You don’t act in a classroom the way you do at home with your family. You don’t act at a coffee shop the way you would in your bedroom. You don’t say things to strangers that you would to trusted intimates. You don’t expect people to allow you to act like they’re your intimate when you haven’t earned that level of trust or license. You don’t get to decide for other people that you should be allowed to act like a friend when they don’t know you from Adam or Eve.

And above all, you don’t act like it’s other people’s problem when you don’t bother to follow the rules.

There is a great deal of joy in a gathering of human beings who have accepted the rules, spoken and unspoken, who can then get on with the business of interacting without friction because they’re standing on firm and common ground. If you want the joys and advantages of being accepted by a group, then you have to play by its rules. And I guarantee that stating that those rules shouldn’t apply because they don’t elsewhere isn’t going to get you anywhere.

Please don’t think this is about me. This is true of every human group. All of them create networks of rules, tacit and explicit, and hold their members accountable to those rules. Transgression is always punished; flexibility in response to those rules is inevitably based on another rule (as in groups where “be kind and give people second chances” might be used to modify “but they’re being rude.”) No one can escape this: it’s foundational to “how do we make groups cohere.”

I think of these principles as obvious—as I said, I grew up observing boundaries, and making it my business to learn as quickly as possible what the spoken and unspoken rules were—but maybe it’s not something people pay attention to anymore. Certainly the skills you use to uncover the implicit rules are downplayed; the best tool you have is to listen and observe, without participating, until you understand what’s going on. But maybe it’s also our fault for not making these principles more explicit. Certainly people tell me all the time that I am too subtle, and that sometimes I should be blunt about things that need saying. So I’m doing my part today.

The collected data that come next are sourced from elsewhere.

theorem minty_zero:
  fixes B :: "'a::{real_inner,complete_space} \<Rightarrow> 'a set"
  assumes max: "maximal_monotone B"
  shows "\<exists>x. \<exists>v\<in>B x. x + v = 0"
proof -
  obtain x0 u0 m where lev: "fitzpatrick_sublevel B x0 u0 m"
    and m_min: "\<And>x u t. fitzpatrick_sublevel B x u t \<Longrightarrow> m \<le> t"
    using fitzpatrick_sublevel_minimizer[OF max] by blast
  have mono: "monotone_setop B" using max by (simp add: maximal_monotone_def)
  have related: "m + norm (x0 + u0)^2 / 2 \<le> (v + x0) \<bullet> (y + u0)" if "v \<in> B y" for y v
    by (rule fitzpatrick_minimizer_related[OF mono lev _ that]) (rule m_min)
  have sq_nonneg: "0 \<le> norm (x0 + u0)^2 / 2" by simp
  have "0 \<le> m"
    using fitzpatrick_sublevel_ge[OF max lev] sq_nonneg by linarith
  have "-x0 \<in> B (-u0)"
  proof (rule maximal_monotoneD[OF max])
    fix y v assume "v \<in> B y"
    then have "0 \<le> (v + x0) \<bullet> (y + u0)"
      using related[OF \<open>v \<in> B y\<close>] \<open>0 \<le> m\<close> sq_nonneg by linarith
    then show "0 \<le> (v - - x0) \<bullet> (y - - u0)" by simp
  qed
  then have "m + norm (x0 + u0)^2 / 2 \<le> 0"
    using related[OF \<open>-x0 \<in> B (-u0)\<close>] by simp
  then have "norm (x0 + u0)^2 / 2 \<le> 0"
    using \<open>0 \<le> m\<close> by linarith
  then have "-u0 + -x0 = 0"
    by (simp add: add_eq_0_iff2 add.commute)
  with \<open>-x0 \<in> B (-u0)\<close> show ?thesis by blast
qed

lemma maximal_monotone_scaled_shift:
  assumes max: "maximal_monotone B" and l: "0 < l"
  shows "maximal_monotone (\<lambda>y. (\<lambda>v. l *\<^sub>R v) ` B (y + p))" (is "maximal_monotone ?B'")
  unfolding maximal_monotone_iff
proof (intro conjI allI impI)
  show "monotone_setop ?B'"
    unfolding monotone_setop_def
  proof (intro allI impI)
    fix x y u v assume "u \<in> ?B' x" "v \<in> ?B' y"
    then obtain u' v' where "u' \<in> B (x + p)" "v' \<in> B (y + p)" "u = l *\<^sub>R u'" "v = l *\<^sub>R v'"
      by blast
    moreover have "0 \<le> (u' - v') \<bullet> ((x + p) - (y + p))"
      using max calculation(1,2) unfolding maximal_monotone_def monotone_setop_def by blast
    ultimately show "0 \<le> (u - v) \<bullet> (x - y)"
      using l by (simp add: scaleR_diff_right[symmetric])
  qed
  fix a c assume rel: "\<forall>y. \<forall>v\<in>?B' y. 0 \<le> (v - c) \<bullet> (y - a)"
  have "(1 / l) *\<^sub>R c \<in> B (a + p)"
  proof (rule maximal_monotoneD[OF max])
    fix y v assume "v \<in> B y"
    then have "l *\<^sub>R v \<in> ?B' (y - p)" by (simp add: imageI)
    then have "0 \<le> (l *\<^sub>R v - c) \<bullet> (y - p - a)" using rel by blast
    also have "l *\<^sub>R v - c = l *\<^sub>R (v - (1 / l) *\<^sub>R c)"
      using l by (simp add: scaleR_diff_right)
    finally show "0 \<le> (v - (1 / l) *\<^sub>R c) \<bullet> (y - (a + p))"
      using l by (simp add: zero_le_mult_iff diff_diff_eq add.commute)
  qed
  then show "c \<in> ?B' a"
    using l by (auto intro: image_eqI[of _ _ "(1 / l) *\<^sub>R c"])
qed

  • Rules are contextual. 
  • What’s appropriate in one space may not be appropriate in another. 
  • If you want the benefits of belonging to a group, you have to do the work of fitting in; it’s not the group’s job to make allowances for you. 
  • Arguing that the group should act in some different way will win you disfavor. Continually acting in this way will see you exiled.
  • Boundaries exist for a reason. If you don’t like the fences, adapt or leave.

Hopefully this will help future people. Particularly around me.

Comments

Anonymous

Hear, hear! I'd stand on my chair applauding if I were significantly younger, had better balance, and weren't less than two weeks post-hip replacement.

Narzain

This should be required reading for, basically, everyone who ever interacts with a group.